Now imagine that, after considering all of this evidence, you learn a new fact: it turns out that there were actually 69 eyewitnesses (rather than 68) testifying that Smith did it. Does this make it the case that you should now be more confident in S than J? That, if you had to choose right now who to send to jail, it should be Smith? I think not.
...
In our case, you are insensitive to evidential sweetening with respect to S since you are no more confident in S than ~S (i.e. J), and no more confident in ~S (i.e. J) than S. The extra eyewitness supports S more than it supports ~S, and yet despite learning about the extra eyewitness, you are no more confident in S than you are in ~S (i.e. J).
Intuitively, this sounds right. And if you went from this problem trying to understand solve the crime on intuition, you might really have no idea. Reading the passage, it sounds mind-boggling.
On the other hand, if you applied some reasoning and study, you might be able to come up with some probability estimates. You could identify the conditioning of P(Smith did it|an eyewitness says Smith did it), including a probability distribution on that probability itself, if you like. You can identify how to combine evidence from multiple witnesses, i.e., P(Smith did it|eyewitness 1 says Smith did it) & P(Smith did it|eyewitness 2 says Smith did it), and so on up to 68 and 69. You can estimate the independence of eyewitnesses, and from that work out how to properly combine evidence from multiple eyewitnesses.
And it might turn out that you don’t update as a result of the extra eyewitness, under some circumstances. Perhaps you know the eyewitnesses aren’t independent; they’re all card-carrying members of the “We hate Smith” club. In that case it simply turns out that the extra eye-witness is irrelevant to the problem; it doesn’t qualify as evidence, so it it doesn’t mean you’re insensitive to “mild evidential sweetening”.
I think a lot of the problem here is that these authors are discussing what one could do when one sits down for the first time and tries to grapple with a problem. In those cases there’s so many undefined features of the problem that it really does seem impossible and you really are clueless.
But that’s not the same as saying that, with sufficient time, you can’t put probability distributions to everything that’s relevant and try to work out the joint probability.
----
Schoenfield, M. Chilling out on epistemic rationality. Philos Stud158, 197–219 (2012).
While browsing types of uncertainties, I stumbled upon the idea of state space uncertainty and conscious unawareness, which sounds similar to your explanation of cluelessness and which might be another helpful angle for people with a more Bayesian perspective.
There are, in the real world, unforeseen contingencies: eventualities that even the educated decision maker will fail to foresee. For instance, the recent tsunami and subsequent nuclear meltdown in Japan are events that most agents would have omitted from their decision models. If a decision maker is aware of the possibility that they may not be aware of all relevant contingencies—a state that Walker and Dietz (2011) call ‘conscious unawareness’ —then they face state space uncertainty.

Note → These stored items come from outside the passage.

lemma eigen_blocks_surjective:
  assumes U: "U \<in> su (2 ^ m)" and V: "V \<in> su (2 ^ m)"
  obtains A where "A \<in> real_span_mat (2 ^ Suc m) (a15_basis (Suc m))"
    and "eigen_block 1 (2 ^ m) A = U" and "eigen_block (-1) (2 ^ m) A = V"
proof -
  let ?K = "2 ^ m :: nat"
  define W1 where "W1 = complex_of_real (1/2) \<cdot>\<^sub>m (U + V)"
  define W2 where "W2 = complex_of_real (1/2) \<cdot>\<^sub>m (U + complex_of_real (-1) \<cdot>\<^sub>m V)"
  define A where "A = kron (pauli_mat PI) W1 + kron (pauli_mat PX) W2"
  have Uc: "U \<in> carrier_mat ?K ?K" and Vc: "V \<in> carrier_mat ?K ?K" using U V unfolding su_def by auto
  have "W1 \<in> real_span_mat ?K (traceless_pauli_basis m)" "W2 \<in> real_span_mat ?K (traceless_pauli_basis m)"
    unfolding W1_def W2_def using su_in_traceless_pauli_span[OF U] su_in_traceless_pauli_span[OF V]
    by (intro real_span_mat.smult real_span_mat.add; simp)+
  hence "A \<in> real_span_mat (2 * ?K) (a15_basis (Suc m))"
    unfolding A_def using kron_I_or_X_traceless_pauli_basis
    by (intro real_span_mat.add kron_real_span_mat[OF pauli_mat_carrier traceless_pauli_basis_carrier]) auto
  moreover have "eigen_block s ?K A = W1 + s \<cdot>\<^sub>m W2" for s
    using Uc Vc unfolding A_def W1_def W2_def
    by (intro eq_matI) (auto simp: index_eigen_block index_kron pauli_mat_def)
  hence "eigen_block 1 ?K A = U" "eigen_block (-1) ?K A = V"
    using Uc Vc unfolding W1_def W2_def by (auto intro!: eq_matI simp: field_simps)
  ultimately show ?thesis using that by simp
qed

There are things you can do to correct for this sort of thing-for instance, go one level more meta, estimate the probability of unforeseen consequences in general, or within the class of problems that your specific problem fits into.
We couldn’t have predicted the fukushima disaster, but perhaps we can predict related things with some degree of certainty—the average cost and death toll of earthquakes worldwide, for instance. In fact, this is a fairly well explored space, since insurers have to understand the risk of earthquakes.
The ongoing pandemic is a harder example—the rarer the black swan, the more difficult it is to predict. But even then, prior to the 2020 pandemic, the WHO had estimated the amortized costs of pandemics as in the order of 1% of global GDP annually (averaged over years when there are and aren’t pandemics), which seems like a reasonable approximation.
I don’t know how much of a realistic solution that would be in practice.
I think the example Ben cites in his reply is very illustrative.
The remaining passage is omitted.